We used the default parameter setting recommended by different papers and the authors of the biclustering algorithms (Preli et al. 2006; Eren et al. 2012; Li et al. 2012). In some cases, we slightly changed the parameters to force the algorithm to generate at least a minimum number of biclusters. For BiMax we set minimum row = 2, and minimum column=2. For Spectral we set minimum row =2, minimum column =2, maximum within variation =1, normalization = ’log’ and number of eigenvalue = 1. A high number of eigenvalue for this algorithm creates a performance issue on calculation time. The recommended value is 1. For xMOTIF we set sd=7, alpha=0.1, ns=10, nd=1000. For CC we set alpha=1.2, delta =.0000005. We took delta to such small value to create at least two biclusters.

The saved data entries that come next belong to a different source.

(* Let $\mathcal{D} = \{(1,2),(3,2),(3,4),(5,4),(5,1)\}$ and $\epsilon\ge 0$. Let $\mu$ be a probability measure on a measurable space $\Lambda$ of hidden variables. Suppose that for each $h\in\Lambda$ we are given numbers $p_i(h)\in[0,1]$ for $i\in\{1,\dots,5\}$ and $q_{(i,j)}(h)\in[0,1]$ for $(i,j)\in\mathcal{D}$, measurable in $h$, with the following interpretation: $p_i(h)=\Pr(A_i=1\mid \#1=i,h)$ is the probability that measurement $i$, when performed first, yields outcome $+1$, and $q_{(i,j)}(h)=\Pr(A_j=1\mid \#1=i,\#2=j,h)$ is the probability that measurement $j$, performed second after $i$, yields $+1$ (outcomes are $\pm1$). Assume sequentiality: for each $h$ and $(i,j)\in\mathcal{D}$, $\Pr(A_i=a_i,A_j=a_j\mid \#1=i,\#2=j,h)=\Pr(A_i=a_i\mid\#1=i,h)\Pr(A_j=a_j\mid\#1=i,\#2=j,h)$. Assume bounded incompatibility: there are measurable $\epsilon_{(i,j),h}\in[0,1]$ with $|\Pr(A_j=a\mid \#1=j,h)-\Pr(A_j=a\mid\#1=i,\#2=j,h)|\le \epsilon_{(i,j),h}$ for all $h$, $(i,j)\in\mathcal{D}$, $a\in\{\pm1\}$, and $\frac15\int \mathrm{d}\mu(h)\sum_{(i,j)\in\mathcal{D}}\epsilon_{(i,j),h}\le\epsilon$. Consider the game in which an ordered context $(i,j)\in\mathcal{D}$ is selected uniformly at random (probability $1/5$ each, independently of $h$), $i$ is measured first and $j$ second, and the game is won iff the two outcomes differ. Then the winning probability $$\beta_{\mathrm{win}}=\frac15\int\mathrm{d}\mu(h)\sum_{(i,j)\in\mathcal{D}}\sum_{a\in\{-1,1\}}\Pr(A_i=a,A_j=-a\mid\#1=i,\#2=j,h)$$ satisfies $\beta_{\mathrm{win}}\le \frac45+\epsilon$.
   Context: This is the single-trial winning probability of an $\epsilon$-bounded noncontextual hidden variable model in the KCBS win/lose game (five $\pm1$-valued measurements arranged in a pentagon, ordered contexts in $\mathcal{D}$). $\Pr(A_j=a\mid\#1=j,h)$ denotes the probability of outcome $a$ when $j$ is measured first (so $\Pr(A_j=1\mid\#1=j,h)=p_j(h)$). *)

theory Defs
  imports "HOL-Probability.Probability"
begin

definition KCBS_D :: "(nat \<times> nat) set" where
  "KCBS_D = {(1,2),(3,2),(3,4),(5,4),(5,1)}"

text \<open>Pr(A_i = a | #1 = i, h) for a in {-1,1}, from p_i(h) = Pr(A_i = 1 | #1 = i, h).\<close>
definition pr_first :: "(nat \<Rightarrow> 'h \<Rightarrow> real) \<Rightarrow> nat \<Rightarrow> int \<Rightarrow> 'h \<Rightarrow> real" where
  "pr_first p i a h = (if a = 1 then p i h else 1 - p i h)"

text \<open>Pr(A_j = a | #1 = i, #2 = j, h), from q_(i,j)(h) = Pr(A_j = 1 | #1 = i, #2 = j, h).\<close>
definition pr_second :: "(nat \<Rightarrow> nat \<Rightarrow> 'h \<Rightarrow> real) \<Rightarrow> nat \<Rightarrow> nat \<Rightarrow> int \<Rightarrow> 'h \<Rightarrow> real" where
  "pr_second q i j a h = (if a = 1 then q i j h else 1 - q i j h)"

end

theory Submission
  imports Defs
begin

text \<open>For each hidden variable the winning probability of a context (i, j) is the probability
  that two independent outcomes with Pr(+1) = p_i(h) and q_(i,j)(h) differ. Replacing q_(i,j)(h)
  by p_j(h) costs at most eps_(i,j)(h), and what remains is the probability that independent
  \<open>\<plusminus>1\<close>-colourings of the vertices of a pentagon disagree along an edge, summed over the five
  edges. Since an odd cycle cannot be properly 2-coloured this sum is at most 4; averaging over
  h gives the bound.\<close>

definition prob_differ :: "real \<Rightarrow> real \<Rightarrow> real" where
  "prob_differ x y = x * (1 - y) + (1 - x) * y"

lemma directed_pair_le_1:
  fixes x y z :: real
  assumes "x \<le> 1" "0 \<le> y" "y \<le> 1" "0 \<le> z"
  shows "x * (1 - y) + y * (1 - z) \<le> 1"
proof -
  have "x * (1 - y) \<le> 1 - y" using mult_right_mono[of x 1 "1 - y"] assms by simp
  moreover have "y * (1 - z) \<le> y" using assms by (simp add: mult_left_le)
  ultimately show ?thesis by linarith
qed

lemma directed_pentagon_le_2:
  fixes a b c d e :: real
  assumes "a \<in> {0..1}" "b \<in> {0..1}" "c \<in> {0..1}" "d \<in> {0..1}" "e \<in> {0..1}"
  shows "a * (1 - b) + b * (1 - c) + c * (1 - d) + d * (1 - e) + e * (1 - a) \<le> 2"
proof -
  define S where "S t = t * (1 - b) + b * (1 - c) + c * (1 - d) + d * (1 - e) + e * (1 - t)" for t
  \<comment> \<open>S is affine, so it suffices to check the endpoints t = 0 and t = 1.\<close>
  have "b * (1 - c) + c * (1 - d) \<le> 1" "d * (1 - e) + e * (1 - 0) \<le> 1"
    using assms directed_pair_le_1[of b c d] directed_pair_le_1[of d e 0] by simp_all
  then have S0: "S 0 \<le> 2" by (simp add: S_def)
  have "1 * (1 - b) + b * (1 - c) \<le> 1" "c * (1 - d) + d * (1 - e) \<le> 1"
    using assms directed_pair_le_1[of 1 b c] directed_pair_le_1[of c d e] by simp_all
  then have S1: "S 1 \<le> 2" by (simp add: S_def)
  have "S a = a * S 1 + (1 - a) * S 0" by (simp add: S_def algebra_simps)
  also have "\<dots> \<le> 2" using assms S0 S1 by (intro convex_bound_le) auto
  finally show ?thesis by (simp add: S_def)
qed

lemma pentagon_prob_differ_le_4:
  fixes a b c d e :: real
  assumes "a \<in> {0..1}" "b \<in> {0..1}" "c \<in> {0..1}" "d \<in> {0..1}" "e \<in> {0..1}"
  shows "prob_differ a b + prob_differ b c + prob_differ c d + prob_differ d e + prob_differ e a \<le> 4"
proof -
  have "a * (1 - b) + b * (1 - c) + c * (1 - d) + d * (1 - e) + e * (1 - a) \<le> 2"
    "a * (1 - e) + e * (1 - d) + d * (1 - c) + c * (1 - b) + b * (1 - a) \<le> 2"
    using assms by (simp_all add: directed_pentagon_le_2)
  then show ?thesis by (simp add: prob_differ_def algebra_simps)
qed

lemma prob_differ_perturb:
  fixes x y q \<delta> :: real
  assumes "0 \<le> x" "x \<le> 1" "\<bar>y - q\<bar> \<le> \<delta>"
  shows "prob_differ x q \<le> prob_differ x y + \<delta>"
proof -
  have "prob_differ x q - prob_differ x y = (q - y) * (1 - 2 * x)"
    by (simp add: prob_differ_def algebra_simps)
  also have "\<dots> \<le> \<bar>q - y\<bar> * \<bar>1 - 2 * x\<bar>" by (metis abs_ge_self abs_mult)
  also have "\<dots> \<le> \<bar>q - y\<bar>" using assms by (intro mult_left_le) auto
  finally show ?thesis using assms by linarith
qed

lemma sequential_win_le:
  assumes "0 \<le> p i h" "p i h \<le> 1" "\<bar>pr_first p j 1 h - pr_second q i j 1 h\<bar> \<le> \<delta>"
  shows "pr_first p i 1 h * pr_second q i j (-1) h + pr_first p i (-1) h * pr_second q i j 1 h
    \<le> prob_differ (p i h) (p j h) + \<delta>"
  using prob_differ_perturb[of "p i h" "p j h" "q i j h" \<delta>] assms
  by (simp add: pr_first_def pr_second_def prob_differ_def)

lemma integral_le_const_plus_integral:
  fixes f g :: "'a \<Rightarrow> real"
  assumes "prob_space M" "integrable M g" "\<And>x. x \<in> space M \<Longrightarrow> f x \<le> c + g x"
    and "0 \<le> c + (\<integral>x. g x \<partial>M)"
  shows "(\<integral>x. f x \<partial>M) \<le> c + (\<integral>x. g x \<partial>M)"
proof (cases "integrable M f")
  case True
  interpret prob_space M by fact
  have "(\<integral>x. f x \<partial>M) \<le> (\<integral>x. c + g x \<partial>M)"
    using True assms by (intro integral_mono) auto
  also have "\<dots> = c + (\<integral>x. g x \<partial>M)"
    using assms by (simp add: prob_space)
  finally show ?thesis .
qed (use assms in \<open>simp add: not_integrable_integral_eq\<close>)

theorem mainTheorem1:
  fixes M :: "'h measure"
    and p :: "nat \<Rightarrow> 'h \<Rightarrow> real"
    and q :: "nat \<Rightarrow> nat \<Rightarrow> 'h \<Rightarrow> real"
    and J :: "nat \<Rightarrow> nat \<Rightarrow> int \<Rightarrow> int \<Rightarrow> 'h \<Rightarrow> real"
    and eps :: "nat \<Rightarrow> nat \<Rightarrow> 'h \<Rightarrow> real"
    and \<epsilon> :: real
  assumes "prob_space M"
    and "\<epsilon> \<ge> 0"
    and p_range: "\<And>i h. i \<in> {1..5} \<Longrightarrow> h \<in> space M \<Longrightarrow> 0 \<le> p i h \<and> p i h \<le> 1"
    and q_range: "\<And>i j h. (i, j) \<in> KCBS_D \<Longrightarrow> h \<in> space M \<Longrightarrow> 0 \<le> q i j h \<and> q i j h \<le> 1"
    and p_meas: "\<And>i. i \<in> {1..5} \<Longrightarrow> p i \<in> borel_measurable M"
    and q_meas: "\<And>i j. (i, j) \<in> KCBS_D \<Longrightarrow> q i j \<in> borel_measurable M"
    and sequentiality: "\<And>i j ai aj h. (i, j) \<in> KCBS_D \<Longrightarrow> ai \<in> {-1, 1} \<Longrightarrow> aj \<in> {-1, 1} \<Longrightarrow>
        h \<in> space M \<Longrightarrow> J i j ai aj h = pr_first p i ai h * pr_second q i j aj h"
    and eps_range: "\<And>i j h. (i, j) \<in> KCBS_D \<Longrightarrow> h \<in> space M \<Longrightarrow> 0 \<le> eps i j h \<and> eps i j h \<le> 1"
    and eps_meas: "\<And>i j. (i, j) \<in> KCBS_D \<Longrightarrow> eps i j \<in> borel_measurable M"
    and bounded_incompat: "\<And>i j a h. (i, j) \<in> KCBS_D \<Longrightarrow> a \<in> {-1, 1} \<Longrightarrow> h \<in> space M \<Longrightarrow>
        \<bar>pr_first p j a h - pr_second q i j a h\<bar> \<le> eps i j h"
    and eps_avg: "(1/5) * (\<integral>h. (\<Sum>(i, j)\<in>KCBS_D. eps i j h) \<partial>M) \<le> \<epsilon>"
  shows "(1/5) * (\<integral>h. (\<Sum>(i, j)\<in>KCBS_D. \<Sum>a\<in>{-1, 1::int}. J i j a (-a) h) \<partial>M) \<le> 4/5 + \<epsilon>"
proof -
  interpret prob_space M by fact
  have D_vertices: "(i, j) \<in> KCBS_D \<Longrightarrow> i \<in> {1..5} \<and> j \<in> {1..5}" for i j
    by (auto simp: KCBS_D_def)
  have context_win: "(\<Sum>a\<in>{-1, 1::int}. J i j a (-a) h) \<le> prob_differ (p i h) (p j h) + eps i j h"
    if ij: "(i, j) \<in> KCBS_D" and h: "h \<in> space M" for i j h
  proof -
    have "(\<Sum>a\<in>{-1, 1::int}. J i j a (-a) h)
        = pr_first p i 1 h * pr_second q i j (-1) h + pr_first p i (-1) h * pr_second q i j 1 h"
      using sequentiality[OF ij _ _ h, of 1 "-1"] sequentiality[OF ij _ _ h, of "-1" 1] by simp
    also have "\<dots> \<le> prob_differ (p i h) (p j h) + eps i j h"
      using p_range[OF _ h] D_vertices[OF ij] bounded_incompat[OF ij _ h, of 1]
      by (intro sequential_win_le) auto
    finally show ?thesis .
  qed
  have pointwise: "(\<Sum>(i, j)\<in>KCBS_D. \<Sum>a\<in>{-1, 1::int}. J i j a (-a) h)
      \<le> 4 + (\<Sum>(i, j)\<in>KCBS_D. eps i j h)" if h: "h \<in> space M" for h
  proof -
    have "(\<Sum>(i, j)\<in>KCBS_D. \<Sum>a\<in>{-1, 1::int}. J i j a (-a) h)
        \<le> (\<Sum>(i, j)\<in>KCBS_D. prob_differ (p i h) (p j h)) + (\<Sum>(i, j)\<in>KCBS_D. eps i j h)"
      using context_win[OF _ h] by (simp add: sum.distrib[symmetric] case_prod_beta sum_mono)
    moreover have "(\<Sum>(i, j)\<in>KCBS_D. prob_differ (p i h) (p j h)) \<le> 4"
      using pentagon_prob_differ_le_4[of "p 1 h" "p 2 h" "p 3 h" "p 4 h" "p 5 h"] p_range[OF _ h]
      by (simp add: KCBS_D_def prob_differ_def algebra_simps)
    ultimately show ?thesis by linarith
  qed
  have eps_integrable: "integrable M (\<lambda>h. \<Sum>(i, j)\<in>KCBS_D. eps i j h)"
    unfolding case_prod_beta
  proof (rule Bochner_Integration.integrable_sum)
    fix ij assume "ij \<in> KCBS_D"
    then show "integrable M (eps (fst ij) (snd ij))"
      using eps_meas eps_range by (intro integrable_const_bound[where B = 1]) auto
  qed
  have "0 \<le> (\<integral>h. (\<Sum>(i, j)\<in>KCBS_D. eps i j h) \<partial>M)"
    using eps_range by (intro integral_nonneg_AE AE_I2 sum_nonneg) auto
  then have "(\<integral>h. (\<Sum>(i, j)\<in>KCBS_D. \<Sum>a\<in>{-1, 1::int}. J i j a (-a) h) \<partial>M)
      \<le> 4 + (\<integral>h. (\<Sum>(i, j)\<in>KCBS_D. eps i j h) \<partial>M)"
    using eps_integrable pointwise by (intro integral_le_const_plus_integral) (auto intro: prob_space_axioms)
  then show ?thesis using eps_avg by linarith
qed

end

We set default parameter for Plaid algorithm of R BiClust package. For our algorithm we set CD(Cluster density)=0.5, CP=0.5(Cluster property), Tanimoto coefficient = 0.33, relation number = 5 and attachment probability = 0.5Cluster density and Cluster property are default parameters for DPClusO algorithm. From our previous experience on some actual dataset, the optimal setting for both CD and CP is 0.5 (Eguchi et al. 2018; Hossain et al. 2018) which produced good results. Also user can change the cluster density between 0.5 to 0.7. Most of the cases, the actual datasets are sparse by nature. To select the best threshold on sparse matrix user can start with relation number = 2 or 3 and Tanimoto coefficient = 0.33 (Karim et al. 2019). Tanimoto coefficient ≥0.33 allows more than 50% similarity between 1s of two binary vectors. Very high relation number and Tanimoto coefficient might exclude some nodes from the analysis (Karim et al. 2019). If the data is not sparse then Tanimoto coefficient threshold can be adjusted between 0.4 to 1.0 depending on whether the required number of nodes are included in the biclusters.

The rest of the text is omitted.